WORK TASK: Please output exactly the part of the records below that opens with the line containing "section \<open>Connectivity\<close>" and closes with the line containing "unfolding connected_in_def by (auto", both lines included, and nothing else.

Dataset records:
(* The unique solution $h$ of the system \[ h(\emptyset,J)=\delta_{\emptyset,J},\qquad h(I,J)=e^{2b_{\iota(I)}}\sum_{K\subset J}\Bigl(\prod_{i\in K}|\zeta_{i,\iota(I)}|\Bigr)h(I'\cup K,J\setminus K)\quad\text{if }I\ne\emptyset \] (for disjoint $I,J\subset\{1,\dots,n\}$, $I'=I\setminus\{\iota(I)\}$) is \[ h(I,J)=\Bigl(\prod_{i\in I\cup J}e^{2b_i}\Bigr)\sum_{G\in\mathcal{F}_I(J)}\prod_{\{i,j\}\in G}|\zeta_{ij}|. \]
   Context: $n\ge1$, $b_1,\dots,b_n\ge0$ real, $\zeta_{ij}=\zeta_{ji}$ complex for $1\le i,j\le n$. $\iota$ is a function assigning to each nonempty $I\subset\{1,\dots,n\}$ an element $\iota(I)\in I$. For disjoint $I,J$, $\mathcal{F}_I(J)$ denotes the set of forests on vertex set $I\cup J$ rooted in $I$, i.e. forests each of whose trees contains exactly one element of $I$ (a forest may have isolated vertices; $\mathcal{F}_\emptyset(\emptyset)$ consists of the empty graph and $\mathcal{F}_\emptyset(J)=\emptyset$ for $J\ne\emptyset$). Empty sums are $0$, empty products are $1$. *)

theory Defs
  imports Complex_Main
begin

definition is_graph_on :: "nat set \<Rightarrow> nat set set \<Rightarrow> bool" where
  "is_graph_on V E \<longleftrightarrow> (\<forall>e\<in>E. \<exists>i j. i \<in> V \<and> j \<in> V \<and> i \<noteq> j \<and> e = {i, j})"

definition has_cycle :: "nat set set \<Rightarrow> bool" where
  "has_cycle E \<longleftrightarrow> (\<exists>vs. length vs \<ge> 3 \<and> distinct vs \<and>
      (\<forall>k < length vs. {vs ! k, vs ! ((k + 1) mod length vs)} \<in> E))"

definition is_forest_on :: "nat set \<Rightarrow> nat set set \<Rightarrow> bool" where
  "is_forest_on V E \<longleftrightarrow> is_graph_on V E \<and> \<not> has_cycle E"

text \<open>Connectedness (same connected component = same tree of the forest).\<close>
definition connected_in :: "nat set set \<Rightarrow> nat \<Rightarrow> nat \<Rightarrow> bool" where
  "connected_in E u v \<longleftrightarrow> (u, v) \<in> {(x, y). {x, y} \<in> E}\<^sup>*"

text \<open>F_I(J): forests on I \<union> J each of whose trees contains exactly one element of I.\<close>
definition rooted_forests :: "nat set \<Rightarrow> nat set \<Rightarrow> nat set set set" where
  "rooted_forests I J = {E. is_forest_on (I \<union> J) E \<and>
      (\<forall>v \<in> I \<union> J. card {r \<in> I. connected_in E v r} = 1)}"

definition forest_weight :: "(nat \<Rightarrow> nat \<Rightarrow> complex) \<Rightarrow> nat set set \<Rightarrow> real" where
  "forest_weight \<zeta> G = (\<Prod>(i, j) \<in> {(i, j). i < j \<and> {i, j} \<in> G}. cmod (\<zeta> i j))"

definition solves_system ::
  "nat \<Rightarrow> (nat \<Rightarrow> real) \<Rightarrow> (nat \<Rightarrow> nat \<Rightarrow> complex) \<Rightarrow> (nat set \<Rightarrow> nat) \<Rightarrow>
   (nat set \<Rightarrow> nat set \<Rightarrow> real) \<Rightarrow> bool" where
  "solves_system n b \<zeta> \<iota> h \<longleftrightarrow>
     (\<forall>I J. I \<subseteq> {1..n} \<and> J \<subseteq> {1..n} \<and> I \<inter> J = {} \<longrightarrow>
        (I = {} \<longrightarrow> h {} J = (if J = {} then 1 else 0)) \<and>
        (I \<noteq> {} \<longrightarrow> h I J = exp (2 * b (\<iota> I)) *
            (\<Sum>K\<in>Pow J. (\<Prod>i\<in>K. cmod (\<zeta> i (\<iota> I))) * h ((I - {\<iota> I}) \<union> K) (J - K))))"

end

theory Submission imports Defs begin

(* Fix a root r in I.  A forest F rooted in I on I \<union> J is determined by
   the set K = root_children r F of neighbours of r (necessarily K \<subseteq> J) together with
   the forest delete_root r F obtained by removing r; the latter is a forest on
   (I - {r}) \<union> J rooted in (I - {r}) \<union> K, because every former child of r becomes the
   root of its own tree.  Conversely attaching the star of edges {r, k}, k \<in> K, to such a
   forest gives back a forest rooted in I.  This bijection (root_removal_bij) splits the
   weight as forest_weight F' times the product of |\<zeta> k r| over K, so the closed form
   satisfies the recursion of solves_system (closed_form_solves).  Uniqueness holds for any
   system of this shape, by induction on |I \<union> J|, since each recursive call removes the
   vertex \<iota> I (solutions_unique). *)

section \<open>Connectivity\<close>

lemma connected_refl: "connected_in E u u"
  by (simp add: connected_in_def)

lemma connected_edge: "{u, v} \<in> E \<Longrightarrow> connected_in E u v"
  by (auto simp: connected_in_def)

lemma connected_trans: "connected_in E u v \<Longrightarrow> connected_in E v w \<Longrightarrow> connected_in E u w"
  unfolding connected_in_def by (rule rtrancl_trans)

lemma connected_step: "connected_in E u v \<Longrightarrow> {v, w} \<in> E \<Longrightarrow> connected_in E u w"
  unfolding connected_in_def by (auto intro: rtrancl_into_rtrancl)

---

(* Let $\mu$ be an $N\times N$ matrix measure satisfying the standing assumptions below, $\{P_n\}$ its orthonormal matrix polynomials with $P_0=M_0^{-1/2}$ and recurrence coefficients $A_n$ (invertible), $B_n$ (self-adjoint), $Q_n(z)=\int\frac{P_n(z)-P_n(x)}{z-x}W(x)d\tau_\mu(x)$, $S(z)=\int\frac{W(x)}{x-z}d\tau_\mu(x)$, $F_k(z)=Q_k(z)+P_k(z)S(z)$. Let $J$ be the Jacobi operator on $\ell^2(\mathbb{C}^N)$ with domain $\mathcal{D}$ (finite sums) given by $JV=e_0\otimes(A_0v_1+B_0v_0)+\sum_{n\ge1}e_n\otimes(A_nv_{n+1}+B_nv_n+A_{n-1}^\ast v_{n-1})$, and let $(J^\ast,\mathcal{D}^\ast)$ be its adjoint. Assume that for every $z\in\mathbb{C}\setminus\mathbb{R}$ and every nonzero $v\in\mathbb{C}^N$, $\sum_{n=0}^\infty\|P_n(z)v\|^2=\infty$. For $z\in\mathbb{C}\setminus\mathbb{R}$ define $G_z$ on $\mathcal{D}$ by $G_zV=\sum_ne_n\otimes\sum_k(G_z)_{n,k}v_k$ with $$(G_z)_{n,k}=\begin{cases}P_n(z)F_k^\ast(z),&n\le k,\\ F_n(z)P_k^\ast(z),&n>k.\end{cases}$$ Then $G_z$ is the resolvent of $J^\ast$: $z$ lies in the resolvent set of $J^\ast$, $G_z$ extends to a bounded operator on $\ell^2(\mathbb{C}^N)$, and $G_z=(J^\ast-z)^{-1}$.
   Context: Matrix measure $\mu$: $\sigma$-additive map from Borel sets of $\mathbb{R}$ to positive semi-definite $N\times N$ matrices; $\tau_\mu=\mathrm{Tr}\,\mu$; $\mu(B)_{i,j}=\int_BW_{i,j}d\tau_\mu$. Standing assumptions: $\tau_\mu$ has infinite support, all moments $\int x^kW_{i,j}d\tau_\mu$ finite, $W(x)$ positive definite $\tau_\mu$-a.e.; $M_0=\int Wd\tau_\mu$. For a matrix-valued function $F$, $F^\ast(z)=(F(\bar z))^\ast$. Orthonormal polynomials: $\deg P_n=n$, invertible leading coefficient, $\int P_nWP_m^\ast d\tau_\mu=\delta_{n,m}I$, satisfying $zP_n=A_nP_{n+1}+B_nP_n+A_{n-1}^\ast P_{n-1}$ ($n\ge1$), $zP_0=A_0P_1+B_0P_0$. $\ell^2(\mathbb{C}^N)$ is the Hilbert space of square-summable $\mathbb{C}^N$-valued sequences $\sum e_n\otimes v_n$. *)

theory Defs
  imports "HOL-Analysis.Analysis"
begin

SOLUTION TO THIS PROBLEM:
section \<open>Connectivity\<close>

lemma connected_refl: "connected_in E u u"
  by (simp add: connected_in_def)

lemma connected_edge: "{u, v} \<in> E \<Longrightarrow> connected_in E u v"
  by (auto simp: connected_in_def)

lemma connected_trans: "connected_in E u v \<Longrightarrow> connected_in E v w \<Longrightarrow> connected_in E u w"
  unfolding connected_in_def by (rule rtrancl_trans)

lemma connected_step: "connected_in E u v \<Longrightarrow> {v, w} \<in> E \<Longrightarrow> connected_in E u w"
  unfolding connected_in_def by (auto intro: rtrancl_into_rtrancl)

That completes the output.